When I first discovered the New Forest trees, my thoughts were drawn to Edelman’s redwood metaphor. My own mother died when I was thirteen; that charred stump of redwood surrounded by her offspring struck me as a poignant and touching image.  That invisible root system that entwines the lives of our psyches with that of a mother lost, can trigger a long journey, one that can be a taut struggle between wanting to hold on and wanting to let go; an inner battle to find a sense of one’s own autonomy and destiny, one that isn’t only linked to that original, momentous loss. Seeing those enormous redwoods and firs, given the space and freedom to become their true shape and size, stirred a great deal in me. And yet seeds grow where they fall, so many factors aiding or impeding that growth. We are one in a long line of mothers and daughters, fathers and sons, the bonds of which (or lack of) will shape our own experiences in ways we may only be partially conscious of, if at all.

 

It didn’t surprise me to learn that mother loss had been a common theme in my family. My great grandmother Lydia had abandoned her seven children, never to return; my great aunt Rose died at 104 still refusing to speak of her mother, the hurt and betrayal of that loss undiminished after almost a century. My grandmother and her siblings went on to lose their step mother in child birth too. After the loss of two mothers, my grandmother became pregnant whilst in service and was forced to give up her own child to adoption. My own immediate family struggled to recover from my mother’s death. My sister’s early and tragic passing has left a legacy of loss for her children too. When I began to look at my family history, it was hard not to feel a part of an ongoing collective striving; unresolved loss from the past was attempting,  by repeated patterns, to find its peace in the present, and if not then, through lives yet to come.

 

Families seem to have their own collective themes and challenges.
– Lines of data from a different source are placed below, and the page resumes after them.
lemma (in group) pow_mod_order:
  assumes "x \<in> carrier G"
  shows "x [^] (n mod Coset.order G) = x [^] n"
proof -
  have "x [^] n = x [^] (Coset.order G * (n div Coset.order G) + n mod Coset.order G)"
    by simp
  also have "\<dots> = (x [^] Coset.order G) [^] (n div Coset.order G) \<otimes> x [^] (n mod Coset.order G)"
    using assms by (simp add: nat_pow_mult nat_pow_pow)
  also have "\<dots> = x [^] (n mod Coset.order G)"
    using assms by (simp add: pow_order_eq_1)
  finally show ?thesis
    by simp
qed

lemma (in group) prime_order_imp_cyclic:
  assumes "prime (Coset.order G)"
  shows "cyclic_group G"
proof -
  have fin: "finite (carrier G)"
    using prime_gt_0_nat[OF assms] by (simp add: order_gt_0_iff_finite)
  have "card (carrier G) \<noteq> 1"
    using assms not_prime_1 unfolding Coset.order_def by metis
  then have "carrier G \<noteq> {\<one>}"
    by auto
  then obtain x where x: "x \<in> carrier G" "x \<noteq> \<one>"
    using one_closed by blast
  have "ord x dvd Coset.order G" "ord x \<noteq> 1"
    using ord_dvd_group_order[OF x(1)] ord_eq_1[OF x(1)] x(2) by auto
  then have "ord x = Coset.order G"
    using assms unfolding prime_nat_iff by blast
  then have "card (carrier (subgroup_generated G {x})) = card (carrier G)"
    using cyclic_order_is_ord[OF x(1)] by (simp add: Coset.order_def)
  then have "carrier (subgroup_generated G {x}) = carrier G"
    using fin carrier_subgroup_generated_subset by (simp add: card_subset_eq)
  then show ?thesis
    unfolding cyclic_group using x(1) carrier_subgroup_generated_by_singleton[OF x(1)] by auto
qed

lemma (in comm_monoid) finprod_pow:
  assumes "finite A" "f \<in> A \<rightarrow> carrier G"
  shows "finprod G (\<lambda>i. f i [^] (n::nat)) A = finprod G f A [^] n"
  using assms
proof (induction A rule: finite_induct)
  case (insert a A)
  then have fa: "f a \<in> carrier G" and fA: "f \<in> A \<rightarrow> carrier G"
    by auto
  with insert show ?case
    by (simp add: Pi_iff nat_pow_distrib[OF fa finprod_closed[OF fA]])
qed simp

lemma finite_fixed_idx: "finite (fixed_idx S)"
  by (simp add: fixed_idx_def)

lemma matches_fixed_idx_subset: "matches P S \<Longrightarrow> fixed_idx P \<subseteq> fixed_idx S"
  by (auto simp: matches_def fixed_idx_def)

lemma matches_free_set_subset: "matches P S \<Longrightarrow> free_set S \<subseteq> free_set P"
  by (auto simp: matches_def free_set_def)

lemma QS_matches:
  fixes G (structure)
  assumes "comm_monoid G" and "pg3 prm \<in> carrier G" and "\<And>j. ph prm j \<in> carrier G"
    and "matches P S"
  shows "QS G prm S =
    QS G prm P \<otimes> finprod G (\<lambda>i. ph prm (Slot i) [^] the (S ! i)) (fixed_idx S - fixed_idx P)"
proof -
  interpret comm_monoid G by fact
  define f where "f i = ph prm (Slot i) [^] the (S ! i)" for i
  have f_closed: "f \<in> A \<rightarrow> carrier G" for A
    using assms(3) by (simp add: f_def)
  have "finprod G (\<lambda>i. ph prm (Slot i) [^] the (P ! i)) (fixed_idx P) = finprod G f (fixed_idx P)"
    using assms(4) f_closed by (intro finprod_cong') (auto simp: f_def matches_def fixed_idx_def)
  then have "QS G prm P = pg3 prm \<otimes> finprod G f (fixed_idx P)"
    by (simp add: QS_def)
  moreover have "finprod G f (fixed_idx S) =
      finprod G f (fixed_idx P) \<otimes> finprod G f (fixed_idx S - fixed_idx P)"
    using matches_fixed_idx_subset[OF assms(4)] f_closed finite_fixed_idx
    by (metis Diff_disjoint Diff_partition finite_Diff finprod_Un_disjoint)
  ultimately show ?thesis
    using assms(2) f_closed by (simp add: QS_def m_assoc flip: f_def)
qed

definition canonical_key ::
  "('a, 'c) monoid_scheme \<Rightarrow> ('b, 'd) monoid_scheme \<Rightarrow> ('a, 'b) params \<Rightarrow> nat
     \<Rightarrow> pattern \<Rightarrow> nat \<Rightarrow> ('a, 'b) key" where
  "canonical_key G1 G2 prm \<alpha> S r =
     Key (pg2 prm [^]\<^bsub>G1\<^esub> \<alpha> \<otimes>\<^bsub>G1\<^esub> (QS G1 prm S [^]\<^bsub>G1\<^esub> r))
         (pg prm [^]\<^bsub>G2\<^esub> r)
         (\<lambda>j. if j \<in> free_set S \<union> {Spec} then Some (ph prm j [^]\<^bsub>G1\<^esub> r) else None)"

lemma KeyDer_Master:
  "KeyDer p G1 G2 prm (Master (pg2 prm [^]\<^bsub>G1\<^esub> \<alpha>)) S =
     map_pmf (canonical_key G1 G2 prm \<alpha> S) (pmf_of_set {..<p})"
  unfolding KeyDer_def canonical_key_def by simp

lemma well_formed_cases:
  assumes "well_formed p G1 G2 prm \<alpha> k P"
  obtains "k = Master (pg2 prm [^]\<^bsub>G1\<^esub> \<alpha>)" | r where "k = canonical_key G1 G2 prm \<alpha> P r"
  using assms by (auto simp: well_formed_def canonical_key_def)

locale wkd_ibe_system =
  G1: comm_group G1 + G2: group G2
  for G1 :: "('a, 'c) monoid_scheme" (structure)
    and G2 :: "('b, 'd) monoid_scheme"
    and prm :: "('a, 'b) params"
    and p :: nat +
  assumes finite_G1: "finite (carrier G1)"
    and order_G1: "Coset.order G1 = p"
    and order_G2: "Coset.order G2 = p"
    and g_closed: "pg prm \<in> carrier G2"
    and g2_closed: "pg2 prm \<in> carrier G1"
    and g3_closed: "pg3 prm \<in> carrier G1"
    and h_closed: "ph prm j \<in> carrier G1"
begin

lemma p_pos: "0 < p"
  using finite_G1 order_G1 G1.order_gt_0_iff_finite by blast

lemma QS_closed: "QS G1 prm S \<in> carrier G1"
  using g3_closed h_closed by (simp add: QS_def Pi_iff)

lemma QS_pow_matches:
  fixes r :: nat
  assumes "matches P S"
  shows "QS G1 prm P [^] r \<otimes>
           finprod G1 (\<lambda>i. (ph prm (Slot i) [^] r) [^] the (S ! i)) (fixed_idx S - fixed_idx P)
         = QS G1 prm S [^] r"
proof -
  define D where "D = finprod G1 (\<lambda>i. ph prm (Slot i) [^] the (S ! i)) (fixed_idx S - fixed_idx P)"
  have "finprod G1 (\<lambda>i. (ph prm (Slot i) [^] r) [^] the (S ! i)) (fixed_idx S - fixed_idx P)
      = finprod G1 (\<lambda>i. (ph prm (Slot i) [^] the (S ! i)) [^] r) (fixed_idx S - fixed_idx P)"
    using h_closed by (intro G1.finprod_cong') (auto simp: G1.nat_pow_pow mult.commute)
  also have "\<dots> = D [^] r"
    unfolding D_def using h_closed finite_fixed_idx by (intro G1.finprod_pow) auto
  finally show ?thesis
    using QS_matches[OF G1.comm_monoid_axioms g3_closed h_closed assms] QS_closed h_closed
    by (simp add: D_def G1.nat_pow_distrib Pi_iff)
qed

lemma KeyDer_canonical_key_shift:
  assumes "matches P S"
  shows "KeyDer p G1 G2 prm (canonical_key G1 G2 prm \<alpha> P r) S =
    map_pmf (\<lambda>t. canonical_key G1 G2 prm \<alpha> S ((t + r) mod p)) (pmf_of_set {..<p})"
proof -
  define B where
    "B j = (if j \<in> free_set P \<union> {Spec} then Some (ph prm j [^] r) else None)" for j
  define E where
    "E = finprod G1 (\<lambda>i. (ph prm (Slot i) [^] r) [^] the (S ! i)) (fixed_idx S - fixed_idx P)"
  have E_closed: "E \<in> carrier G1"
    using h_closed by (simp add: E_def Pi_iff)
  have "{i \<in> fixed_idx S. B (Slot i) \<noteq> None} = fixed_idx S - fixed_idx P"
    using assms by (auto simp: B_def fixed_idx_def free_set_def matches_def)
  then have delegated:
    "finprod G1 (\<lambda>i. the (B (Slot i)) [^] the (S ! i)) {i \<in> fixed_idx S. B (Slot i) \<noteq> None} = E"
    using assms h_closed
    unfolding E_def
    by (auto simp: B_def free_set_def fixed_idx_def matches_def intro!: G1.finprod_cong')
  have k0_eq: "pg2 prm [^] \<alpha> \<otimes> QS G1 prm P [^] r \<otimes> QS G1 prm S [^] t \<otimes>
        finprod G1 (\<lambda>i. the (B (Slot i)) [^] the (S ! i)) {i \<in> fixed_idx S. B (Slot i) \<noteq> None}
      = pg2 prm [^] \<alpha> \<otimes> QS G1 prm S [^] ((t + r) mod p)" for t
  proof -
    have "pg2 prm [^] \<alpha> \<otimes> QS G1 prm P [^] r \<otimes> QS G1 prm S [^] t \<otimes> E
        = pg2 prm [^] \<alpha> \<otimes> ((QS G1 prm P [^] r \<otimes> E) \<otimes> QS G1 prm S [^] t)"
      using g2_closed QS_closed E_closed by (simp add: G1.m_ac)
    also have "\<dots> = pg2 prm [^] \<alpha> \<otimes> QS G1 prm S [^] (t + r)"
      using QS_closed by (simp add: E_def QS_pow_matches[OF assms] G1.nat_pow_mult add.commute)
    also have "\<dots> = pg2 prm [^] \<alpha> \<otimes> QS G1 prm S [^] ((t + r) mod p)"
      using G1.pow_mod_order[OF QS_closed] by (simp add: order_G1)
    finally show ?thesis
      unfolding delegated .
  qed
  have k1_eq: "pg prm [^]\<^bsub>G2\<^esub> t \<otimes>\<^bsub>G2\<^esub> pg prm [^]\<^bsub>G2\<^esub> r =
      pg prm [^]\<^bsub>G2\<^esub> ((t + r) mod p)" for t
    using g_closed G2.pow_mod_order[OF g_closed] by (simp add: G2.nat_pow_mult order_G2)
  have B_eq: "(\<lambda>j. if j \<in> free_set S \<union> {Spec} then Some (ph prm j [^] t \<otimes> the (B j)) else None)
      = (\<lambda>j. if j \<in> free_set S \<union> {Spec} then Some (ph prm j [^] ((t + r) mod p)) else None)" for t
    using matches_free_set_subset[OF assms] h_closed G1.pow_mod_order[OF h_closed]
    by (auto simp: B_def G1.nat_pow_mult order_G1 fun_eq_iff)
  show ?thesis
    unfolding KeyDer_def canonical_key_def key.case B_def[symmetric] k0_eq k1_eq B_eq ..
qed

lemma KeyDer_canonical_key:
  assumes "matches P S"
  shows "KeyDer p G1 G2 prm (canonical_key G1 G2 prm \<alpha> P r) S =
    map_pmf (canonical_key G1 G2 prm \<alpha> S) (pmf_of_set {..<p})"
proof -
  have "KeyDer p G1 G2 prm (canonical_key G1 G2 prm \<alpha> P r) S =
      map_pmf (canonical_key G1 G2 prm \<alpha> S) (map_pmf (\<lambda>t. (t + r) mod p) (pmf_of_set {..<p}))"
    unfolding KeyDer_canonical_key_shift[OF assms] by (simp add: pmf.map_comp o_def)
  also have "map_pmf (\<lambda>t. (t + r) mod p) (pmf_of_set {..<p}) = pmf_of_set {..<p}"
    using p_pos by (intro map_pmf_of_set_bij_betw bij_betw_add_mod) auto
  finally show ?thesis .
qed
As each of us are born and live, perhaps we are presented with opportunities to redeem the pain of the past, not just for ourselves but for all those who have gone before us and those that will follow. Our collective family narratives are powerful, and each of us is subject to their influence, to a greater or lesser extent. For some, being caught up in the unfolding patterns of an ongoing family dynamic can be confusing and deeply wounding, but I have come to believe that there is always the potential for healing, even at the heart of the most entrenched familial patterns. There is a fine balance struck, knowing that you are part of a group narrative that will have profound effects on your life and acknowledging that you are also an individual with your own life to lead. In honouring our own path, by finding our true shape and height, we can reweave the patterns; inject new life and perspective into our family story. It would seem that we are both forest and tree.

 

Nestled into the vast trunk of one of the New Forest redwoods, the span of my life seems remarkably short, as seemingly insubstantial as the fibrous red bark that I rest against, and yet this tree feels so solid, so strong…It has the power to bring forth new life from its own death. Below the surface of our lives, deep beneath our singular and collective skins, those tough little burls await their moment; out of the deepest sadness and loss they come to life.